Damage to the joint surfaces
The knee joint is the largest synovial joint in the body. The ends of the bones are covered in hyaline cartilage and form the articular surfaces.
Hyaline cartilage has very low friction and is lubricated by synovial fluid (from the joint lining)
The joint surfaces can be injured and an area of cartilage can be lost
Osteochondral injury is an injury to the joint surface (articular cartilage) with some of the underlying bone.
Chondral injuries involve only the articular cartilage.
How does it happen?
Cartilage defects may the result of an injury to the knee, but may also occur spontaneously in young children (osteochondritis dissecans)
It may also occur in conjunction with ligament or meniscal injuries.
This can be a potentially serious condition, particularly in young adults, because in the long term it can increase the risk of developing significant osteoarthritis.
What are the symptoms?
The symptoms of chondral injury tend to be pain, clicking, catching and swelling. Quite often the pain is well localized to the area of damage.
Occasionally, it is difficult to say exactly where the pain is arising from, and the knee feels generally uncomfortable.
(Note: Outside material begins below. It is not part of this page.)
(* Suppose $m=n$, $\Xi=\{\boldsymbol{\xi}\in\mathbb{R}^m:(\boldsymbol{\xi}-\boldsymbol{\xi}_0)^{\top}\boldsymbol{W}^{-1}(\boldsymbol{\xi}-\boldsymbol{\xi}_0)\le1\}$ with $\boldsymbol{W}\succ0$, and $f_t(\boldsymbol{x},\boldsymbol{\xi})=\boldsymbol{\xi}^{\top}\boldsymbol{x}+\langle\boldsymbol{A}^t,\boldsymbol{\xi}\boldsymbol{\xi}^{\top}\rangle+(\boldsymbol{b}^t)^{\top}\boldsymbol{x}+h^t$ for all $t\in[T]$, where $\boldsymbol{A}^t\succeq0$, $\boldsymbol{b}^t\in\mathbb{R}^n$, $h^t\in\mathbb{R}$. Let $\tilde Z_{C_2}$ be the set of $\boldsymbol{x}\in\mathbb{R}^n$ for which there exist $\alpha_t>0$, $q_{it}\ge0$, $\boldsymbol{v}_{it}\in\mathbb{R}^m$ ($i\in[N],t\in[T]$) with, for all $i,t$, $\|\boldsymbol{v}_{it}\|_*\delta+\frac1N\sum_{j=1}^Nq_{jt}\le\epsilon\alpha_t$ and $\sup_{\boldsymbol{\xi}\in\Xi}[\boldsymbol{v}_{it}^{\top}\boldsymbol{\xi}-f_t(\boldsymbol{x},\boldsymbol{\xi})]+\alpha_t-\boldsymbol{v}_{it}^{\top}\boldsymbol{\zeta}^i-q_{it}\le0$. Then $\tilde Z_{C_2}$ equals the set of $\boldsymbol{x}\in\mathbb{R}^n$ for which there exist $\alpha_t>0$, $q_{it}\ge0$, $\boldsymbol{v}_{it}\in\mathbb{R}^m$, $u_{it}\in\mathbb{R}$, $\nu_{it}\ge0$ such that for all $i\in[N],t\in[T]$: $$\|\boldsymbol{v}_{it}\|_*\delta+\frac1N\sum_{j=1}^Nq_{jt}\le\epsilon\alpha_t,\qquad u_{it}-[(\boldsymbol{b}^t)^{\top}\boldsymbol{x}+h^t]+\alpha_t-\boldsymbol{v}_{it}^{\top}\boldsymbol{\zeta}^i\le q_{it},$$ $$\begin{bmatrix}\boldsymbol{A}^t+\nu_{it}\boldsymbol{W}^{-1}&-\frac12(2\nu_{it}\boldsymbol{W}^{-1}\boldsymbol{\xi}_0+\boldsymbol{v}_{it}-\boldsymbol{x})\\-\frac12(2\nu_{it}\boldsymbol{W}^{-1}\boldsymbol{\xi}_0+\boldsymbol{v}_{it}-\boldsymbol{x})^{\top}&u_{it}+\nu_{it}\boldsymbol{\xi}_0^{\top}\boldsymbol{W}^{-1}\boldsymbol{\xi}_0-\nu_{it}\end{bmatrix}\succeq0.$$
   Context: Setting: $\epsilon\in(0,1)$, $\delta>0$, $[T]=\{1,\dots,T\}$; $\boldsymbol{\zeta}^1,\dots,\boldsymbol{\zeta}^N\in\Xi$ given samples; $\|\cdot\|_*$ is the dual norm of a norm on $\mathbb{R}^m$; $\langle\boldsymbol{X},\boldsymbol{Y}\rangle=\mathrm{tr}(\boldsymbol{X}\boldsymbol{Y})$; $\succeq0$ ($\succ0$) denotes positive semidefinite (definite). *)

theory Defs
  imports "HOL-Analysis.Analysis"
begin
If the injury has resulted in a fragment of the joint surface cartilage floating around the knee there can also be symptoms of a loose body, with locking and sometimes a palpable lump in the knee that comes and goes.
How is it diagnosed?
The diagnosis of a chondral injury in the knee joint can be made on the story of an injury along with examination of the knee which may reveal nothing more than pain and swelling.
X-rays are useful if there is a small fragment of bone as well as a fragment of articular cartilage (osteochondral lesion). If not, the x-rays will probably be normal.
An MRI scan will show up most chondral injuries.
What is the Treatment?
Most acute chondral injuries will be treated with arthroscopic surgery to either remove or replace the damaged fragment.
In general the only repairable injuries of this type are where there is quite a large chunk of articular cartilage with a sliver of bone (an osteochondral fragment) which can be pinned back in place.
If the fragment has to be removed and it leaves behind a crater in an important part of the knee with bare bone in the base, it will not heal up with hyaline cartilage.
It may heal up with fibrocartilage in the base giving some sort of smooth covering.
This type of covering can be encouraged by making small holes in the bone.
By encouraging bleeding into the area, fibrocartilage will form.
This technique is known as microfracture.
If the area of damage is too big to be treated by microfracture, then osteochondral plugs can be taken from other areas of the knee and used to fill the defect - this is a technique known as Mosaicplasty.
Synthetic plugs are also commercially available for Mosaicplasty.